Classical hypertext node
This consists only of text, with links going out from it or links
coming in to it, maybe anchored to a selection of the text rather
than the whole node,
Index
This is to be thought of as a set of links to documents, and the link
to be followed is chosen by typing a string of text into a search
panel. An index is usually implemented by a data base.
Indirect node
This is a document which, instead of containing the desired contents,
contains the indications necessary to get to the desired document.
Thus, when a UDI is used referring to this indirect node, the actual
document returned is the result of the elaboration of the contents
of the indirect node.
Indirect links come in three types:
Indirect nodes are used to solve:
When PUT is in the HTTP protocol, ther is no reason why a more sophisticated
user could not write his/her own indirect documents to this effect,
or would even be allowed to store them at the server site.
The three types are discussed in more detail below:
Forward nodes
When document D1 on machine M1 gets relocated to document D2 on machine
M2, all links to D1 become invalid. To avoid massive updating, a document
D1.f is put on M1. It contains the UDI of D2. When a client wants
D1, the server on M1 will try D1, fail, then try D1.f, succeed, and
thereby know that D1 has been relocated. It then sends the client
the contents of D1.f, preceded by the indication that the document
found was a forward. The browser then uses this to find the real document.
Note that if there is a chain of forwards, it is the browser that
follows this chain, not the server! The browser can then decide to
tell the user, or even automatically update the old link to the new
location. Once the document D2 is displayed, making a link to it will
be a link to D2, not to D1.f
Redirected nodes
Sometimes a document needs an alias, e.g. because it is one of a growing
series: in the case of monthly reports, one may well want to link
to "this month's report", and always get what is in the latest report.
There exist documents for, say, January, February, March, ... which
can also be linked to. A redirecting node works much like a forward
node in that it contains the UDI of the aliased document. So, if a
document TMR is requested, the server would not find TMR, would look
for TMR.r and return that with the indication that it is a redirected
document. The browser would then use the UDI (e.g. March.html) to
find the current real document. The difference is in the behaviour
when a link is made. Suppose March.html is on the screen. A link to
this would result in a link to TMR if March.html was found through
TMR, and in a link to March.html if it was found directly. Thus it
is possible to make new links to "this month's report" rather than
to March.html.
Queries
Queries of a complex nature are bound to be in some form of a programming
language (e.g. SQL). To ensure independence of these languages, the
complete text of the query should not be part of the UDI. The UDI
should represent the desired contents. Take the example of a query
that returns the current age distribution of staff in a given category
as a table. This table could well be called "Physicists & Engineers"

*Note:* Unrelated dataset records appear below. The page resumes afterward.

(* Consider the extreme Reissner–Nordström case $a=0$, $Q\neq0$, $M=\rho=|Q|$. Then for every half-integer $k$ and all $m>0$, $e\in\mathbb{R}$, there is no energy eigenvalue $\omega\in\mathbb{R}$; i.e., bound state solutions of the Dirac equation (of the separated form considered) do not exist in the extreme Reissner–Nordström geometry.
   Context: Fix real numbers $M>0$, $a$, $Q$ with $M^2=a^2+Q^2$ and put $\rho:=M$. Fix the rest mass $m>0$ and charge $e\in\mathbb{R}$ of a Dirac particle and a half-integer $k\in\{\pm\frac12,\pm\frac32,\dots\}$. For $\omega,\lambda\in\mathbb{R}$ consider the radial system for $f:(\rho,\infty)\to\mathbb{C}^2$, $$\begin{pmatrix}(r-\rho)\frac{d}{dr}+\frac{iV(r)}{r-\rho} & imr-\lambda\\ -imr-\lambda & (r-\rho)\frac{d}{dr}-\frac{iV(r)}{r-\rho}\end{pmatrix}f(r)=0,\qquad V(r):=\omega(r^2+a^2)+ka+eQr,$$ and the angular system for $g:(0,\pi)\to\mathbb{C}^2$, $$\begin{pmatrix}\frac{d}{d\theta}+\frac{\cot\theta}{2}-W(\theta) & -am\cos\theta+\lambda\\ am\cos\theta+\lambda & -\frac{d}{d\theta}-\frac{\cot\theta}{2}-W(\theta)\end{pmatrix}g(\theta)=0,\qquad W(\theta):=a\omega\sin\theta+\frac{k}{\sin\theta}.$$ A number $\omega\in\mathbb{R}$ is called an energy eigenvalue (for azimuthal quantum number $k$) if there exist $\lambda\in\mathbb{R}$ and nontrivial solutions $f$ of the radial system and $g$ of the angular system with $$\int_\rho^\infty|f(r)|^2\frac{r^2+a^2}{(r-\rho)^2}\,dr<\infty,\qquad\int_0^\pi|g(\theta)|^2\sin\theta\,d\theta<\infty.$$ *)

theory Defs
  imports "HOL-Analysis.Analysis"
begin

definition half_integer :: "real \<Rightarrow> bool" where
  "half_integer k \<longleftrightarrow> (\<exists>n::int. k = real_of_int n + 1/2)"

definition radV :: "real \<Rightarrow> real \<Rightarrow> real \<Rightarrow> real \<Rightarrow> real \<Rightarrow> real \<Rightarrow> real" where
  "radV a Q e k \<omega> r = \<omega> * (r\<^sup>2 + a\<^sup>2) + k * a + e * Q * r"

definition angW :: "real \<Rightarrow> real \<Rightarrow> real \<Rightarrow> real \<Rightarrow> real" where
  "angW a k \<omega> \<theta> = a * \<omega> * sin \<theta> + k / sin \<theta>"
lemma not_graded_mon_identity_if_degree_walk:
  fixes gs :: "nat \<Rightarrow> 'g::group_add" and w :: "'g gvar list"
  assumes "distinct w" "p < n" "degree_walk n gs p w"
  shows "\<not> is_graded_mon_identity n gs TYPE('a::field) w"
proof -
  define P where "P i = (SOME q. q < n \<and> gs q = gs p + wdeg (take i w))" for i
  have P: "P i < n \<and> gs (P i) = gs p + wdeg (take i w)" if "i \<le> length w" for i
  proof -
    have "gs p + wdeg (take i w) \<in> gs ` {..<n}"
      using assms(3) that unfolding degree_walk_def by blast
    then have "\<exists>q. q < n \<and> gs q = gs p + wdeg (take i w)"
      by (metis imageE lessThan_iff)
    then show ?thesis
      unfolding P_def by (rule someI_ex)
  qed
  define pos where "pos = the_inv_into {..<length w} ((!) w)"
  have pos: "pos (w ! i) = i" if "i < length w" for i
    unfolding pos_def using assms(1) that by (simp add: the_inv_into_f_f inj_on_nth)
  define \<phi> :: "'g gvar \<Rightarrow> 'a mat" where
    "\<phi> x = (if x \<in> set w then matrix_unit n (P (pos x)) (P (Suc (pos x))) else 0\<^sub>m n n)" for x
  have chain: "\<phi> (w ! i) = matrix_unit n (P i) (P (Suc i))" if "i < length w" for i
    using that by (simp add: \<phi>_def pos)
  have hom: "\<phi> x \<in> elem_comp n gs (snd x)" for x
  proof (cases "x \<in> set w")
    case True
    then obtain i where i: "i < length w" "x = w ! i" by (auto simp: in_set_conv_nth)
    have "gs (P (Suc i)) = gs (P i) + snd x"
      using P[of i] P[of "Suc i"] i by (simp add: take_Suc_conv_app_nth add.assoc)
    then have "- gs (P i) + gs (P (Suc i)) = snd x"
      by simp
    then show ?thesis
      using i chain[of i] by (simp add: elem_comp_def matrix_unit_def)
  qed (simp add: \<phi>_def elem_comp_def)
  moreover have "matrix_unit n (P 0) (P 0) * eval_word n \<phi> w = matrix_unit n (P 0) (P (length w))"
    using chain P hom elem_comp_carrier by (intro matrix_unit_mult_eval_word_chain) blast+
  moreover have "(matrix_unit n (P 0) (P (length w)) :: 'a mat) \<noteq> 0\<^sub>m n n"
    using P[of 0] P[of "length w"] by (simp add: matrix_unit_nonzero)
  ultimately show ?thesis
    using hom unfolding is_graded_mon_identity_def by (metis right_mult_zero_mat matrix_unit_carrier)
qed

lemma exists_blocks_with_cuts:
  fixes m :: "'x list" and C :: "nat set"
  assumes "finite C"
  shows "\<exists>L. length L = card C \<and> concat L = take (Max (insert 0 C)) m \<and>
           (\<forall>c \<in> C. \<exists>i \<le> length L. concat (take i L) = take c m)"
  using assms
proof (induction C rule: finite_linorder_max_induct)
  case empty
  show ?case by (intro exI[of _ "[]"]) simp
next
  case (insert b A)
  then obtain L where L: "length L = card A" "concat L = take (Max (insert 0 A)) m"
    "\<forall>c \<in> A. \<exists>i \<le> length L. concat (take i L) = take c m"
    by blast
  define a where "a = Max (insert 0 A)"
  have "a \<le> b" "Max (insert 0 (insert b A)) = b"
    using insert.hyps by (auto simp: a_def less_imp_le intro!: Max_eqI)
  define L' where "L' = L @ [take (b - a) (drop a m)]"
  have "concat L' = take (a + (b - a)) m"
    using L(2) by (simp add: L'_def a_def take_add)
  then have concat_L': "concat L' = take b m"
    using \<open>a \<le> b\<close> by simp
  show ?case
  proof (intro exI[of _ L'] conjI ballI)
    show "length L' = card (insert b A)"
      using L(1) insert.hyps by (auto simp: L'_def card_insert_if)
    show "concat L' = take (Max (insert 0 (insert b A))) m"
      using concat_L' \<open>Max (insert 0 (insert b A)) = b\<close> by simp
    fix c assume "c \<in> insert b A"
    then show "\<exists>i \<le> length L'. concat (take i L') = take c m"
    proof
      assume "c = b"
      then show ?thesis using concat_L' by (intro exI[of _ "length L'"]) simp
    next
      assume "c \<in> A"
      with L(3) obtain i where "i \<le> length L" "concat (take i L) = take c m" by blast
      then show ?thesis by (intro exI[of _ i]) (auto simp: L'_def)
    qed
  qed
qed

definition block_word :: "'g::group_add gvar list list \<Rightarrow> 'g gvar list" where
  "block_word L = map (\<lambda>i. (i, wdeg (L ! i))) [0..<length L]"

definition block_subst :: "'g::group_add gvar list list \<Rightarrow> 'g gvar \<Rightarrow> ('g gvar list \<Rightarrow> 'a::field)" where
  "block_subst L x = (if fst x < length L \<and> snd x = wdeg (L ! fst x) then mon (L ! fst x) else mon [x])"

lemma length_block_word [simp]: "length (block_word L) = length L"
  by (simp add: block_word_def)

lemma wdeg_take_block_word:
  "j \<le> length L \<Longrightarrow> wdeg (take j (block_word L)) = wdeg (concat (take j L))"
proof (induction j)
  case 0
  then show ?case by simp
next
  case (Suc j)
  have "take (Suc j) (block_word L) = take j (block_word L) @ [(j, wdeg (L ! j))]"
    using Suc.prems by (simp add: block_word_def take_Suc_conv_app_nth)
  then show ?case
    using Suc by (simp add: take_Suc_conv_app_nth)
qed

lemma graded_subst_block_subst: "graded_subst (block_subst L :: _ \<Rightarrow> (_ \<Rightarrow> 'a::field))"
  unfolding graded_subst_def fa_homog_def block_subst_def by (simp add: mon_in_FA) (auto simp: mon_def)

lemma subst_word_block_word: "subst_word (block_subst L) (block_word L) = (mon (concat L) :: _ \<Rightarrow> 'a::field)"
proof -
  have "subst_word (block_subst L) (map (\<lambda>i. (i, wdeg (L ! i))) is)
      = (mon (concat (map ((!) L) is)) :: _ \<Rightarrow> 'a)" if "set is \<subseteq> {..<length L}" for "is"
    using that by (induction "is") (auto simp: block_subst_def fa_mult_mon)
  from this[of "[0..<length L]"] show ?thesis
    by (simp add: block_word_def map_nth atLeast0LessThan)
qed

lemma mon_concat_in_TG_ideal_block_word:
  "(mon (concat L) :: _ \<Rightarrow> 'a::field) \<in> TG_ideal (mon (block_word L))"
proof -
  have "subst_poly (block_subst L) (mon (block_word L)) \<in> TG_ideal (mon (block_word L) :: _ \<Rightarrow> 'a)"
    by (rule TG_ideal.subst[OF TG_ideal.gen graded_subst_block_subst])
  then show ?thesis
    by (simp add: subst_poly_mon subst_word_block_word)
qed
(* Let $n\ge2$ and let $u=x_0+h_1x_1+\cdots+h_{n-1}x_{n-1}$ be a polar $n$-complex number with $v_+>0$, with $v_->0$ if $n$ is even, and with $\rho_k>0$ for all $k=1,\dots,\lfloor(n-1)/2\rfloor$. Then $$u=\exp\Big[e_+\ln v_++e_-\ln v_-+\sum_{k=1}^{n/2-1}\big(e_k\ln\rho_k+\tilde e_k\phi_k\big)\Big]\quad(n\text{ even}),$$ $$u=\exp\Big[e_+\ln v_++\sum_{k=1}^{(n-1)/2}\big(e_k\ln\rho_k+\tilde e_k\phi_k\big)\Big]\quad(n\text{ odd}),$$ where $\exp w=\sum_{j\ge0}w^j/j!$. Equivalently, $u=\big(e_+v_++e_-v_-+\sum_{k}e_k\rho_k\big)\exp\big(\sum_k\tilde e_k\phi_k\big)$ (the $e_-$ term present only for even $n$).
   Context: Polar $n$-complex numbers: $u=x_0+h_1x_1+\cdots+h_{n-1}x_{n-1}$, $x_j\in\mathbb{R}$, $h_0=1$, with componentwise addition and bilinear multiplication $h_jh_k=h_{(j+k)\bmod n}$. Canonical variables: $v_+=\sum_px_p$; for even $n$, $v_-=\sum_p(-1)^px_p$; for $k=1,\dots,\lfloor(n-1)/2\rfloor$, $v_k=\sum_px_p\cos(2\pi kp/n)$, $\tilde v_k=\sum_px_p\sin(2\pi kp/n)$, $\rho_k=\sqrt{v_k^2+\tilde v_k^2}$, and (for $\rho_k>0$) $\phi_k\in[0,2\pi)$ with $\cos\phi_k=v_k/\rho_k$, $\sin\phi_k=\tilde v_k/\rho_k$. Canonical base: $e_+=\frac1n\sum_{p=0}^{n-1}h_p$; for even $n$, $e_-=\frac1n\sum_{p=0}^{n-1}(-1)^ph_p$; $e_k=\frac2n\sum_{p=0}^{n-1}\cos(2\pi kp/n)h_p$, $\tilde e_k=\frac2n\sum_{p=0}^{n-1}\sin(2\pi kp/n)h_p$ for $k=1,\dots,\lfloor(n-1)/2\rfloor$. *)

theory Defs
  imports Complex_Main
begin

text \<open>Polar n-complex numbers are represented as coefficient functions
  x :: nat \<Rightarrow> real, where only the values x 0, ..., x (n-1) are meaningful
  (u = x 0 + h_1 x 1 + ... + h_{n-1} x (n-1)).\<close>

definition pc_one :: "nat \<Rightarrow> (nat \<Rightarrow> real)" where
  "pc_one n = (\<lambda>p. if p = 0 then 1 else 0)"

text \<open>Multiplication from h_j h_k = h_{(j+k) mod n}, extended bilinearly.\<close>
definition pc_mult :: "nat \<Rightarrow> (nat \<Rightarrow> real) \<Rightarrow> (nat \<Rightarrow> real) \<Rightarrow> (nat \<Rightarrow> real)" where
  "pc_mult n a b = (\<lambda>r. \<Sum>j<n. \<Sum>k<n. if (j + k) mod n = r then a j * b k else 0)"

fun pc_pow :: "nat \<Rightarrow> (nat \<Rightarrow> real) \<Rightarrow> nat \<Rightarrow> (nat \<Rightarrow> real)" where
  "pc_pow n w 0 = pc_one n"
| "pc_pow n w (Suc j) = pc_mult n (pc_pow n w j) w"

definition pc_exp :: "nat \<Rightarrow> (nat \<Rightarrow> real) \<Rightarrow> (nat \<Rightarrow> real)" where
  "pc_exp n w = (\<lambda>p. \<Sum>j. pc_pow n w j p / fact j)"

definition v_plus :: "nat \<Rightarrow> (nat \<Rightarrow> real) \<Rightarrow> real" where
  "v_plus n x = (\<Sum>p<n. x p)"

definition v_minus :: "nat \<Rightarrow> (nat \<Rightarrow> real) \<Rightarrow> real" where
  "v_minus n x = (\<Sum>p<n. (-1) ^ p * x p)"

definition v_k :: "nat \<Rightarrow> nat \<Rightarrow> (nat \<Rightarrow> real) \<Rightarrow> real" where
  "v_k n k x = (\<Sum>p<n. x p * cos (2 * pi * real k * real p / real n))"

definition vt_k :: "nat \<Rightarrow> nat \<Rightarrow> (nat \<Rightarrow> real) \<Rightarrow> real" where
  "vt_k n k x = (\<Sum>p<n. x p * sin (2 * pi * real k * real p / real n))"

definition rho_k :: "nat \<Rightarrow> nat \<Rightarrow> (nat \<Rightarrow> real) \<Rightarrow> real" where
  "rho_k n k x = sqrt ((v_k n k x)\<^sup>2 + (vt_k n k x)\<^sup>2)"

definition phi_k :: "nat \<Rightarrow> nat \<Rightarrow> (nat \<Rightarrow> real) \<Rightarrow> real" where
  "phi_k n k x = (THE \<phi>. 0 \<le> \<phi> \<and> \<phi> < 2 * pi \<and>
      cos \<phi> = v_k n k x / rho_k n k x \<and> sin \<phi> = vt_k n k x / rho_k n k x)"
lemma cone_weight_left_corner:
  "cone_weight (normal_cone (A, S - A)) = (if A = S - B then 1 else 1 / 2)"
proof -
  have "(\<forall>y\<in>convex hull X. w \<bullet> y \<le> w \<bullet> (A, S - A)) \<longleftrightarrow> A = S - B \<or> snd w \<le> fst w"
    if w: "0 \<le> fst w" "0 \<le> snd w" for w :: "real \<times> real"
  proof
    assume "\<forall>y\<in>convex hull X. w \<bullet> y \<le> w \<bullet> (A, S - A)"
    then have "w \<bullet> (S - B, B) \<le> w \<bullet> (A, S - A)" using hull_inc[OF right_corner] by blast
    then have "snd w * (A + B - S) \<le> fst w * (A + B - S)" by (cases w) (simp add: algebra_simps)
    then show "A = S - B \<or> snd w \<le> fst w" using S_le by (cases "A + B - S = 0") auto
  next
    assume h: "A = S - B \<or> snd w \<le> fst w"
    show "\<forall>y\<in>convex hull X. w \<bullet> y \<le> w \<bullet> (A, S - A)"
    proof
      fix y assume "y \<in> convex hull X"
      then have b: "fst y \<le> A" "snd y \<le> B" "fst y + snd y \<le> S" using hull_bounded by auto
      \<comment> \<open>write \<open>w \<bullet> y\<close> as \<open>(fst w - snd w) fst y + snd w (fst y + snd y)\<close>\<close>
      show "w \<bullet> y \<le> w \<bullet> (A, S - A)"
        using h b w mult_left_mono[of "fst y" A "fst w"] mult_left_mono[of "snd y" B "snd w"]
          mult_left_mono[of "fst y" A "fst w - snd w"] mult_left_mono[of "fst y + snd y" S "snd w"]
        by (cases w, cases y) (auto simp: algebra_simps)
    qed
  qed
  then have "normal_cone (A, S - A) = {w. 0 \<le> fst w \<and> 0 \<le> snd w \<and> (A = S - B \<or> snd w \<le> fst w)}"
    unfolding normal_cone_eq[OF hull_inc[OF left_corner]] by blast
  then show ?thesis using cone_weight_quadrant cone_weight_lower_octant by (cases "A = S - B") simp_all
qed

but require a quite lengthy SQL program. If at some time the personnel
data is transferred to a new database that does not use SQL, the link
to this document becomes invalid. It will also be difficult to produce
the query in the first place through the only use of search panels.
A solution is to put the entire SQL program into a file PE.q, and
give that document the UDI "Physicists & Engineers". The server will
again not find this document and search for PE.q. It will return the
contents with the indication that it is a query.
There are two solutions: one puts the UDI of the query document plus
the UDI of the server that is to execute it in the anchor. This is
unacceptable because the first server to receive the request may have
to follow the links to a potentially infinite chain, servers need
to contain browsers, the query is recursive. Advantages are that the
scheme works with old browsers and that the query document itself
does not contain indications of where it is to be executed, making
it possible to re-use the same query text on several servers.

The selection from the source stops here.